This is a simple toy example that can be used to start learning the basics of snakemake. This folder contains some extremely simple input files. For example, sampleA.txt contains three lines of data, with values 1, 2, and 3, respectively. We'll use these simple data along with core command-line tools, included by default in most unix-like environments, to illustrate the basics of snakemake.
Note: If you haven't installed snakemake yet, I'd suggest using conda to do so.
Topics covered:
- Setting up workflow targets and dependencies
- The basics of writing rules
- The workflow & DAG
Get started by expanding Example 1a
Expand - Ex. 1a
ex-1a.smk has the following contents:
rule all:
input:
"output/sampleA_rsorted.txt",
"output/sampleB_rsorted.txt",
"output/sampleC_rsorted.txt"
rule rsort:
input:
"{basename}.txt"
output:
"output/{basename}_rsorted.txt"
shell:
"sort -r {input} > {output}"
Review the contents of the file, and consider the following topics:
- Targets & dependencies
- Writing rules
- Intro to wildcards
To perform a dry-run:
snakemake --snakefile ex-1a.smk --dry-run
If all looks well, run example 1a (remove --dry-run
from the previous command)
snakemake --snakefile ex-1a.smk
Review the ouputs. Were they generated successfully? What happens if we try running it again?
snakemake --snakefile ex-1a.smk
Try deleting the output directory. What happens if we run it then?
rm -r output/
snakemake --snakefile ex-1a.smk
Now we'll make the workflow a bit more interesting.
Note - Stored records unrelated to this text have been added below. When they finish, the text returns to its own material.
lemma integral_direction_squared_le_moments:
  "(\<integral>\<omega>. (norm (direction \<omega>))\<^sup>2 \<partial>M)
     \<le> K * (sum_p_sq * N * K * sigma_l\<^sup>2) + 2 * (K * (\<Sum>\<tau><K. \<integral>\<omega>. (norm (mean_lgrad \<tau> \<omega>))\<^sup>2 \<partial>M))"
proof -
  have "K * (\<integral>\<omega>. (norm (direction_noise \<omega>))\<^sup>2 \<partial>M) \<le> K * (sum_p_sq * N * K * sigma_l\<^sup>2)"
    by (rule mult_left_mono[OF integral_direction_noise_squared_le]) simp
  then show ?thesis
    using integral_direction_squared_le integral_direction_mean_squared_le by linarith
qed

lemma one_round_descent:
  "(\<integral>\<omega>. f (V_next G eta Wt xi p N K \<omega>) \<partial>M)
     \<le> (\<integral>\<omega>. f (Wt \<omega>) \<partial>M) - C * eta * K * grad_moment
       + 3/2 * L\<^sup>2 * eta^3 * K\<^sup>2 * N * (sigma_l\<^sup>2 + 6 * K * sigma_g\<^sup>2) * sum_p_sq
       + L * eta\<^sup>2 * K\<^sup>2 * N / 2 * sigma_l\<^sup>2 * sum_p_sq"
proof -
  define deviation where "deviation = (\<Sum>\<tau><K. \<integral>\<omega>. (norm (gf (Wt \<omega>) - mean_lgrad \<tau> \<omega>))\<^sup>2 \<partial>M)"
  define mean_moment where "mean_moment = (\<Sum>\<tau><K. \<integral>\<omega>. (norm (mean_lgrad \<tau> \<omega>))\<^sup>2 \<partial>M)"
  define R where "R = sigma_l\<^sup>2 + 6 * K * sigma_g\<^sup>2 + 6 * K * grad_moment"
  have deviation_le: "deviation \<le> sum_p_sq * L\<^sup>2 * (N * (3 * eta\<^sup>2 * K\<^sup>2 * R))"
    unfolding deviation_def R_def by (rule total_deviation_le)
  have "(\<integral>\<omega>. (norm (direction \<omega>))\<^sup>2 \<partial>M) \<le> K * (sum_p_sq * N * K * sigma_l\<^sup>2) + 2 * (K * mean_moment)"
    unfolding mean_moment_def by (rule integral_direction_squared_le_moments)
  from mult_left_mono[OF this, of "L * eta\<^sup>2 / 2"]
  have direction_term: "L * eta\<^sup>2 / 2 * (\<integral>\<omega>. (norm (direction \<omega>))\<^sup>2 \<partial>M)
      \<le> L * eta\<^sup>2 * K\<^sup>2 * N / 2 * sigma_l\<^sup>2 * sum_p_sq + (L * eta * K) * (eta * mean_moment)"
    using L_nonneg by (simp add: algebra_simps power2_eq_square)
  have "(L * eta * K) * (eta * mean_moment) \<le> 1/4 * (eta * mean_moment)"
    using LetaK_le eta_nonneg by (intro mult_right_mono) (auto simp: mean_moment_def sum_nonneg)
  moreover have "0 \<le> eta * mean_moment" using eta_nonneg by (simp add: mean_moment_def sum_nonneg)
  moreover have "eta / 2 * deviation \<le> eta / 2 * (sum_p_sq * L\<^sup>2 * (N * (3 * eta\<^sup>2 * K\<^sup>2 * R)))"
    using deviation_le eta_nonneg by (simp add: mult_left_mono)
  ultimately have "(\<integral>\<omega>. f (V_next G eta Wt xi p N K \<omega>) \<partial>M) \<le> (\<integral>\<omega>. f (Wt \<omega>) \<partial>M)
      + eta / 2 * (sum_p_sq * L\<^sup>2 * (N * (3 * eta\<^sup>2 * K\<^sup>2 * R))) - eta / 2 * (K * grad_moment)
      + L * eta\<^sup>2 * K\<^sup>2 * N / 2 * sigma_l\<^sup>2 * sum_p_sq"
    using integral_f_V_next_le integral_inner_direction_eq direction_term
    unfolding deviation_def[symmetric] mean_moment_def[symmetric] by (simp add: algebra_simps)
  also have "\<dots> = (\<integral>\<omega>. f (Wt \<omega>) \<partial>M) - eta * K * grad_moment * (1/2 - 9 * L\<^sup>2 * eta\<^sup>2 * K\<^sup>2 * N * sum_p_sq)
       + 3/2 * L\<^sup>2 * eta^3 * K\<^sup>2 * N * (sigma_l\<^sup>2 + 6 * K * sigma_g\<^sup>2) * sum_p_sq
       + L * eta\<^sup>2 * K\<^sup>2 * N / 2 * sigma_l\<^sup>2 * sum_p_sq"
    unfolding R_def by (simp add: algebra_simps power2_eq_square power3_eq_cube)
  also have "\<dots> \<le> (\<integral>\<omega>. f (Wt \<omega>) \<partial>M) - eta * K * grad_moment * C
       + 3/2 * L\<^sup>2 * eta^3 * K\<^sup>2 * N * (sigma_l\<^sup>2 + 6 * K * sigma_g\<^sup>2) * sum_p_sq
       + L * eta\<^sup>2 * K\<^sup>2 * N / 2 * sigma_l\<^sup>2 * sum_p_sq"
    using mult_left_mono[OF step1, of "eta * K * grad_moment"] eta_nonneg by simp
  finally show ?thesis by (simp add: algebra_simps)
qed

end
We'll add more rules, use a configuration file, and more!
Expand - Ex. 1b
ex-1b.smk contents:
rule all:
input:
expand("output/{bname}_fsorted.txt", bname=config['basenames']),
expand("output/{bname}_randsorted.txt", bname=config['basenames'])
rule rsort:
input:
"{base}.txt"
output:
"output/{base}_rsorted.txt"
shell:
"sort -r {input} > {output}"
rule append_value:
input:
"output/{base}_rsorted.txt"
output:
"output/{base}_appended.txt"
params:
append_val = config['append_val']
shell:
"cat {input} > {output} ; "
"echo {params.append_val} >> {output}"
rule randsort:
input:
"output/{base}_appended.txt"
output:
"output/{base}_randsorted.txt"
shell:
"sort -R {input} > {output}"
rule fsort:
input:
"output/{base}_appended.txt"
output:
"output/{base}_fsorted.txt"
shell:
"sleep 2 ; sort -n {input} > {output}"
config-ex1.yml contents:
basenames:
- 'sampleA'
- 'sampleB'
- 'sampleC'
append_val: 42
Review these files and consider the following topics:
- The DAG/rulegraph
- The configuration file
- The expand statement
To dry-run the new snakefile/configfile
snakemake --snakefile ex-1b.smk --configfile config-ex1.yml --dry-run
If all looks well, run the workflow (remove the --dry-run
flag)
snakemake --snakefile ex-1b.smk --configfile config-ex1.yml
Review the directory of results. Did snakemake run the workflow, and successfully create the desired targets?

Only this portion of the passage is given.